Container throughput at the Port of Le Havre increased 5 percent during 2010 to 2.4 million 20-foot equivalent units, compared to slightly more than 2.2 million TEUs in 2009, when container traffic declined about 12 percent.
The container trade was one of the bright spots in the French port’s overall performance last year as its throughput in tonnage terms declined about 5 percent to 70 million metric tons. The Le Havre Port Authority attributed the tonnage decline to a lower volume of crude oil deliveries during the recession year.
The Atlantic port’s performance was hampered in part by sporadic labor actions, fueled by the ongoing implementation of France’s port reform legislation, which calls for the privatization of terminals.
Podcast of French labor troubles from JOC:
Q&A: Workers Strike at France's Major Ports.
Le Havre maintained its position as the largest French container port, with a market share of around two thirds of the country’s total container trade.
The port authority said the growth in container volume last year was due in part to new Asia-Europe services that called there, including the joint service between Maersk Line and CMA CGM (which the carriers call respectively AE8 and FAL5), new direct services from Vietnam by Hanjin Shipping and CMA CGM, and the New World Alliance’s new CEX service.

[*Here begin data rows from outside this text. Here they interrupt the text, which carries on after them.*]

(* For each $l \in H^*$, the map $\Phi_l = \tau_l \circ \phi^*: R(G/H,1) \to R(G,H)$ is an injective homomorphism of bialgebras (respecting the induction products and restriction coproducts) which sends (classes of) irreducible representations to irreducible representations.
   Context: Let $G$ be a finite abelian group (written additively) and $H \subseteq G$ a subgroup. For $n \ge 1$, $S_n[G] = S_n \ltimes G^n$ is the group of $n \times n$ monomial matrices whose nonzero entries lie in $G$. Let $s: S_n[G] \to G$ be the homomorphism sending a monomial matrix to the sum of its nonzero entries, and let $G_n(G,H) = \{g \in S_n[G] : s(g) \in H\}$. For $n \ge 1$, $R_n(G,H)$ is the Grothendieck group of finite-dimensional complex representations of $G_n(G,H)$, $R_0(G,H) = \mathbb{Z}$, and $R(G,H) = \bigoplus_{n \ge 0} R_n(G,H)$, with graded bilinear form $\langle \cdot,\cdot\rangle$ for which the irreducible classes (and $1 \in R_0$) form an orthonormal basis. Using the block-diagonal embedding $G_k(G,H) \times G_m(G,H) \subseteq G_{k+m}(G,H)$, the product on $R(G,H)$ is induction and the coproduct is restriction. The same construction applied to the pair $(G/H, 1)$ gives $R(G/H,1)$ (here $G_n(G/H,1)$ is the group of monomial matrices with entries in $G/H$ whose entries sum to $0$). A "bialgebra homomorphism" means a map respecting product, unit, coproduct and counit. Let $\phi: G_n(G,H) \to G_n(G/H,1)$ be reduction of the matrix entries mod $H$; it is surjective with kernel the diagonal subgroup $H^n$, and $\phi^*: R(G/H,1) \to R(G,H)$ is the graded map induced by pullback of representations along $\phi$. $H^* = \mathrm{Hom}(H, \mathbb{C}^\times)$; for $l \in H^*$, $\tau_l$ is the graded operator on $R(G,H)$ induced by tensoring with the linear character $g \mapsto l(s(g))$ of $G_n(G,H)$ (whose restriction to $H^n$ is $l^{\otimes n}$). *)

theory Defs
  imports "Jordan_Normal_Form.Matrix" "HOL-Algebra.Coset" "HOL-Algebra.FiniteProduct"
          "HOL-Combinatorics.Permutations"
begin

text \<open>An n x n monomial matrix with entries in the group A is encoded as a pair (sigma, f):
  sigma is a permutation of {0..<n}, f i is the entry in column i, sitting in row sigma i;
  f is normalised to the unit of A outside {0..<n}. Matrix multiplication of monomial
  matrices gives the product below.\<close>

definition entry_sum :: "('a,'b) monoid_scheme \<Rightarrow> nat \<Rightarrow> (nat \<Rightarrow> nat) \<times> (nat \<Rightarrow> 'a) \<Rightarrow> 'a" where
  "entry_sum A n g = finprod A (snd g) {..<n}"

definition mono_grp :: "('a,'b) monoid_scheme \<Rightarrow> 'a set \<Rightarrow> nat \<Rightarrow> ((nat \<Rightarrow> nat) \<times> (nat \<Rightarrow> 'a)) monoid" where
  "mono_grp A K n =
    \<lparr> carrier = {(\<sigma>, f). \<sigma> permutes {..<n} \<and> (\<forall>i<n. f i \<in> carrier A)
                        \<and> (\<forall>i. n \<le> i \<longrightarrow> f i = \<one>\<^bsub>A\<^esub>) \<and> entry_sum A n (\<sigma>, f) \<in> K},
      mult = (\<lambda>(\<sigma>, f) (\<tau>, g). (\<sigma> \<circ> \<tau>, \<lambda>j. if j < n then f (\<tau> j) \<otimes>\<^bsub>A\<^esub> g j else \<one>\<^bsub>A\<^esub>)),
      one = (id, \<lambda>_. \<one>\<^bsub>A\<^esub>) \<rparr>"

text \<open>Block-diagonal embedding G_k x G_m into G_(k+m).\<close>
definition block_emb :: "nat \<Rightarrow> nat \<Rightarrow> ((nat \<Rightarrow> nat) \<times> (nat \<Rightarrow> 'a)) \<times> ((nat \<Rightarrow> nat) \<times> (nat \<Rightarrow> 'a))
                          \<Rightarrow> (nat \<Rightarrow> nat) \<times> (nat \<Rightarrow> 'a)" where
  "block_emb k m = (\<lambda>((\<sigma>, f), (\<tau>, g)).
     (\<lambda>i. if i < k then \<sigma> i else if i < k + m then k + \<tau> (i - k) else i,
      \<lambda>i. if i < k then f i else g (i - k)))"

text \<open>Reduction of the entries modulo H: G_n(G,H) -> G_n(G/H,1).\<close>
definition reduce :: "('a,'b) monoid_scheme \<Rightarrow> 'a set \<Rightarrow> nat \<Rightarrow> (nat \<Rightarrow> nat) \<times> (nat \<Rightarrow> 'a)
                        \<Rightarrow> (nat \<Rightarrow> nat) \<times> (nat \<Rightarrow> 'a set)" where
  "reduce G H n g = (fst g, \<lambda>i. if i < n then H #>\<^bsub>G\<^esub> snd g i else H)"

definition is_rep :: "('e,'z) monoid_scheme \<Rightarrow> nat \<Rightarrow> ('e \<Rightarrow> complex mat) \<Rightarrow> bool" where
  "is_rep \<Gamma> d \<rho> \<longleftrightarrow> (\<forall>g\<in>carrier \<Gamma>. \<rho> g \<in> carrier_mat d d)
      \<and> (\<forall>g\<in>carrier \<Gamma>. \<forall>h\<in>carrier \<Gamma>. \<rho> (g \<otimes>\<^bsub>\<Gamma>\<^esub> h) = \<rho> g * \<rho> h)
      \<and> \<rho> \<one>\<^bsub>\<Gamma>\<^esub> = 1\<^sub>m d"

definition mat_tr :: "complex mat \<Rightarrow> complex" where
  "mat_tr A = (\<Sum>i<dim_row A. A $$ (i, i))"

definition char_of :: "('e,'z) monoid_scheme \<Rightarrow> ('e \<Rightarrow> complex mat) \<Rightarrow> 'e \<Rightarrow> complex" where
  "char_of \<Gamma> \<rho> = (\<lambda>g. if g \<in> carrier \<Gamma> then mat_tr (\<rho> g) else 0)"

definition is_char :: "('e,'z) monoid_scheme \<Rightarrow> ('e \<Rightarrow> complex) \<Rightarrow> bool" where
  "is_char \<Gamma> \<chi> \<longleftrightarrow> (\<exists>d \<rho>. is_rep \<Gamma> d \<rho> \<and> \<chi> = char_of \<Gamma> \<rho>)"

definition inv_subspace :: "('e,'z) monoid_scheme \<Rightarrow> nat \<Rightarrow> ('e \<Rightarrow> complex mat) \<Rightarrow> complex vec set \<Rightarrow> bool" where
  "inv_subspace \<Gamma> d \<rho> W \<longleftrightarrow> W \<subseteq> carrier_vec d \<and> 0\<^sub>v d \<in> W
      \<and> (\<forall>v\<in>W. \<forall>w\<in>W. v + w \<in> W) \<and> (\<forall>c. \<forall>v\<in>W. c \<cdot>\<^sub>v v \<in> W)
      \<and> (\<forall>g\<in>carrier \<Gamma>. \<forall>v\<in>W. \<rho> g *\<^sub>v v \<in> W)"

definition irred_rep :: "('e,'z) monoid_scheme \<Rightarrow> nat \<Rightarrow> ('e \<Rightarrow> complex mat) \<Rightarrow> bool" where
  "irred_rep \<Gamma> d \<rho> \<longleftrightarrow> is_rep \<Gamma> d \<rho> \<and> 0 < d
      \<and> (\<forall>W. inv_subspace \<Gamma> d \<rho> W \<longrightarrow> W = {0\<^sub>v d} \<or> W = carrier_vec d)"

definition irr_char :: "('e,'z) monoid_scheme \<Rightarrow> ('e \<Rightarrow> complex) \<Rightarrow> bool" where
  "irr_char \<Gamma> \<chi> \<longleftrightarrow> (\<exists>d \<rho>. irred_rep \<Gamma> d \<rho> \<and> \<chi> = char_of \<Gamma> \<rho>)"

text \<open>The Grothendieck group, realised (via the character map) as the group of virtual characters.\<close>
definition virt_chars :: "('e,'z) monoid_scheme \<Rightarrow> ('e \<Rightarrow> complex) set" where
  "virt_chars \<Gamma> = {\<chi>. \<exists>\<chi>1 \<chi>2. is_char \<Gamma> \<chi>1 \<and> is_char \<Gamma> \<chi>2 \<and> \<chi> = (\<lambda>g. \<chi>1 g - \<chi>2 g)}"

text \<open>Induction along an injective homomorphism iota: K -> Gamma, and restriction.\<close>
definition ind :: "('k,'y) monoid_scheme \<Rightarrow> ('e,'z) monoid_scheme \<Rightarrow> ('k \<Rightarrow> 'e) \<Rightarrow> ('k \<Rightarrow> complex) \<Rightarrow> 'e \<Rightarrow> complex" where
  "ind K \<Gamma> \<iota> f = (\<lambda>g. if g \<in> carrier \<Gamma> then
       (\<Sum>x\<in>carrier \<Gamma>. \<Sum>y\<in>carrier K. if \<iota> y = x \<otimes>\<^bsub>\<Gamma>\<^esub> g \<otimes>\<^bsub>\<Gamma>\<^esub> inv\<^bsub>\<Gamma>\<^esub> x then f y else 0)
         / of_nat (card (carrier K))
     else 0)"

The New World Alliance’s new trans-Atlantic APX service, which was launched toward the end of 2009, and its CEX service also contributed to the rebound in Le Havre’s container traffic last year.
The port authority said it expects the growth in container throughput to continue in the year ahead, thanks in part to the growth in the reefer trade with Brazil and of the wine trade with the U.S. Le Havre handled 620 million bottles of wine and spirits during 2010, including 2 million bottles of Beaujolais exports to the U.S.